Why you should not use undocumented commands in production server?

Today I worked on a interesting issue...

There was a Non-yielding scheduler dump generated and continuos Non-yielding scheduler error messages in SQL Server errorlog. This somehow caused Latch timeouts and Buffer Latch timeouts and SQL Server went unresponsive.

When we analyzed the dump, thread which is owning the latch was running the following query and query kept running without coming out of scheduler...
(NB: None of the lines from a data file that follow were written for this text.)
lemma dist_preserving_real_affine:
  assumes "\<forall>x\<in>S. \<forall>y\<in>S. dR (f x) (f y) = dR x y"
  obtains e c where "e = 1 \<or> e = -1" "\<And>x. x \<in> S \<Longrightarrow> f x = e * x + c"
proof (cases "\<exists>a\<in>S. \<exists>b\<in>S. a \<noteq> b")
  case False
  show thesis
  proof (cases "S = {}")
    case True
    then show thesis using that[of 1 0] by simp
  next
    case nonempty: False
    then obtain a where "a \<in> S" by blast
    with False have "x = a" if x: "x \<in> S" for x using x by blast
    then show thesis using that[of 1 "f a - a"] by simp
  qed
next
  case True
  then obtain a b where ab: "a \<in> S" "b \<in> S" "a \<noteq> b" by blast
  have "\<bar>f b - f a\<bar> = \<bar>b - a\<bar>" using assms ab unfolding dR_def by blast
  then have "f b - f a = 1 * (b - a) \<or> f b - f a = -1 * (b - a)" by (auto simp: abs_eq_iff)
  then obtain e where e: "e = 1 \<or> e = -1" "f b - f a = e * (b - a)" by blast
  have "f x = e * x + (f a - e * a)" if x: "x \<in> S" for x
  proof -
    have "\<bar>f x - f a\<bar> = \<bar>x - a\<bar>" "\<bar>f x - f b\<bar> = \<bar>x - b\<bar>"
      using assms x ab unfolding dR_def by blast+
    with e(2) ab(3) show ?thesis using e(1) by (elim disjE) (auto simp: abs_if split: if_splits)
  qed
  then show thesis using that e(1) by blast
qed

lemma isometry_motion:
  assumes "isometry f A d S dR" "e = 1 \<or> e = -1"
  shows "isometry (\<lambda>x. e * f x + c) A d ((\<lambda>x. e * x + c) ` S) dR"
proof -
  have "inj_on (\<lambda>x. e * x + c) S" using assms(2) by (auto simp: inj_on_def)
  then have "bij_betw (\<lambda>x. e * x + c) S ((\<lambda>x. e * x + c) ` S)" by (simp add: inj_on_imp_bij_betw)
  then have "bij_betw (\<lambda>x. e * f x + c) A ((\<lambda>x. e * x + c) ` S)"
    using assms(1) bij_betw_trans unfolding isometry_def comp_def by blast
  moreover have "dR (e * f x + c) (e * f y + c) = dR (f x) (f y)" for x y
    using assms(2) unfolding dR_def by (auto simp: abs_minus_commute)
  ultimately show ?thesis using assms(1) unfolding isometry_def by simp
qed

lemma realizes_motion_image:
  assumes "realizes C dR W" "e = 1 \<or> e = -1"
  shows "realizes C dR ((\<lambda>x. e * x + c) ` W)"
proof -
  obtain X f where "X \<in> C" "isometry f (fst X) (snd X) W dR" "finite W"
    using assms(1) unfolding realizes_def by blast
  then show ?thesis using isometry_motion[OF _ assms(2)] unfolding realizes_def by blast
qed

lemma realizes_if_motion_into:
  assumes "ideal_fms C" "realizes C dR W" "e = 1 \<or> e = -1" "(\<lambda>x. e * x + c) ` V \<subseteq> W"
  shows "realizes C dR V"
proof -
  have "V \<subseteq> (\<lambda>y. e * y + (- e * c)) ` W"
  proof
    fix v assume "v \<in> V"
    then have "e * v + c \<in> W" using assms(4) by auto
    moreover have "v = e * (e * v + c) + (- e * c)" using assms(3) by auto
    ultimately show "v \<in> (\<lambda>y. e * y + (- e * c)) ` W" by (rule rev_image_eqI)
  qed
  then show ?thesis using realizes_subset[OF assms(1) realizes_motion_image[OF assms(2,3)]] by blast
qed

lemma mem_age_if_motion_into:
  assumes "fin_mspace X" "isometry f (fst X) (snd X) W dR" "e = 1 \<or> e = -1"
    and "(\<lambda>x. e * x + c) ` W \<subseteq> M"
  shows "X \<in> age M dR"
proof -
  have "finite ((\<lambda>x. e * x + c) ` W)"
    using assms(1) isometry_image[OF assms(2)] unfolding fin_mspace_def by blast
  then show ?thesis using assms(1,4) isometry_motion[OF assms(2,3)] unfolding age_def by blast
qed

lemma realizes_if_mem_age:
  assumes "C \<subseteq> age (UNIV :: real set) dR" "X \<in> C"
  obtains W f where "realizes C dR W" "isometry f (fst X) (snd X) W dR"
proof -
  have "X \<in> age UNIV dR" using assms by blast
  then obtain W f where "finite W" "isometry f (fst X) (snd X) W dR" by (auto elim: ageE)
  then show thesis using that assms(2) unfolding realizes_def by blast
qed

lemma isom_emb_real_is_motion:
  assumes "isom_emb f W dR S dR"
  obtains e c where "e = 1 \<or> e = -1" "\<And>x. x \<in> W \<Longrightarrow> f x = e * x + c" "(\<lambda>x. e * x + c) ` W \<subseteq> S"
proof -
  obtain e c where ec: "e = 1 \<or> e = -1" "\<And>x. x \<in> W \<Longrightarrow> f x = e * x + c"
    using dist_preserving_real_affine assms unfolding isom_emb_def by metis
  moreover have "(\<lambda>x. e * x + c) ` W \<subseteq> S" using assms ec(2) unfolding isom_emb_def by auto
  ultimately show thesis by (rule that)
qed

lemma realizes_amalgamation:
  assumes I: "ideal_fms C" and R: "C \<subseteq> age (UNIV :: real set) dR" and am: "amalg2 C"
    and W1: "realizes C dR W1" and W2: "realizes C dR W2"
    and P: "P \<subseteq> W1 \<inter> W2" "card P \<le> 2"
  obtains W3 e1 c1 e2 c2 where "realizes C dR W3" "e1 = 1 \<or> e1 = -1" "e2 = 1 \<or> e2 = -1"
    "(\<lambda>x. e1 * x + c1) ` W1 \<subseteq> W3" "(\<lambda>x. e2 * x + c2) ` W2 \<subseteq> W3"
    "\<And>z. z \<in> P \<Longrightarrow> e1 * z + c1 = e2 * z + c2"
proof -
  obtain X1 f1 where X1: "X1 \<in> C" "isometry f1 (fst X1) (snd X1) W1 dR"
    using W1 unfolding realizes_def by blast
  obtain X2 f2 where X2: "X2 \<in> C" "isometry f2 (fst X2) (snd X2) W2 dR"
    using W2 unfolding realizes_def by blast
  obtain B h1 h2 where B: "B \<in> C" "isom_emb h1 W1 dR (fst B) (snd B)" "isom_emb h2 W2 dR (fst B) (snd B)"
    and h12: "\<And>z. z \<in> P \<Longrightarrow> h1 z = h2 z"
    using amalg2_copies[OF I am X1 X2 P] by metis
  obtain S fB where S: "realizes C dR S" "isometry fB (fst B) (snd B) S dR"
    by (rule realizes_if_mem_age[OF R B(1)])
  obtain e1 c1 where \<psi>1: "e1 = 1 \<or> e1 = -1" "\<And>x. x \<in> W1 \<Longrightarrow> fB (h1 x) = e1 * x + c1"
      "(\<lambda>x. e1 * x + c1) ` W1 \<subseteq> S"
    using isom_emb_real_is_motion[OF isom_emb_comp[OF B(2) isom_emb_if_isometry[OF S(2)]]] by metis
  obtain e2 c2 where \<psi>2: "e2 = 1 \<or> e2 = -1" "\<And>x. x \<in> W2 \<Longrightarrow> fB (h2 x) = e2 * x + c2"
      "(\<lambda>x. e2 * x + c2) ` W2 \<subseteq> S"
    using isom_emb_real_is_motion[OF isom_emb_comp[OF B(3) isom_emb_if_isometry[OF S(2)]]] by metis
  have "e1 * z + c1 = e2 * z + c2" if "z \<in> P" for z
    using \<psi>1(2) \<psi>2(2) h12 P(1) that by force
  then show thesis using that[OF S(1) \<psi>1(1) \<psi>2(1) \<psi>1(3) \<psi>2(3)] by blast
qed

lemma motions_eq_if_agree_on_two_points:
  fixes e1 c1 e2 c2 p q :: real
  assumes "e1 * p + c1 = e2 * p + c2" "e1 * q + c1 = e2 * q + c2" "p \<noteq> q"
  shows "e1 = e2" "c1 = c2"
proof -
  have "(e1 - e2) * (p - q) = 0" using assms(1,2) by (simp add: algebra_simps)
  then show "e1 = e2" using assms(3) by simp
  then show "c1 = c2" using assms(1) by simp
qed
DECLARE cursor1 CURSOR FOR

SELECT name FROM master.dbo.sysdatabases WHERE status&512 = 0
OPEN cursor1
FETCH NEXT FROM cursor1 INTO @DBName
WHILE @@FETCH_STATUS = 0
BEGIN
SET @SQLString = 'USE [' + @DBName + '] DBCC LOGINFO WITH NO_INFOMSGS'
/* Some business logic here */
FETCH NEXT FROM cursor1 INTO @DBName
END
DEALLOCATE cursor1
 
Nothing is wrong with this query but what went wrong?
 
Problem was this instance had a snapshot database (CREATE DATABASE AS SNAPSHOT OF) and as explained in this link http://connect.microsoft.com/SQLServer/feedback/details/292136/running-dbcc-loginfo-on-db-snapshot SPID kept spinning for a spinlock without knowing that there is no log file for the database snapshot which caused Non-yielding scheduler situation in SQL Server.
 
Issue has been fixed in SQL 2008 and solution for SQL 2005 is to exclude the snapshot database name which running DBCC LOGINFO....
 
So this is one more instance to instruct DBA's not to use Undocumented commands in production server which will cause undesired situations in the production server...
 
Also this is an example to quickly generate Non-yielding scheduler and dump in SQL Server :)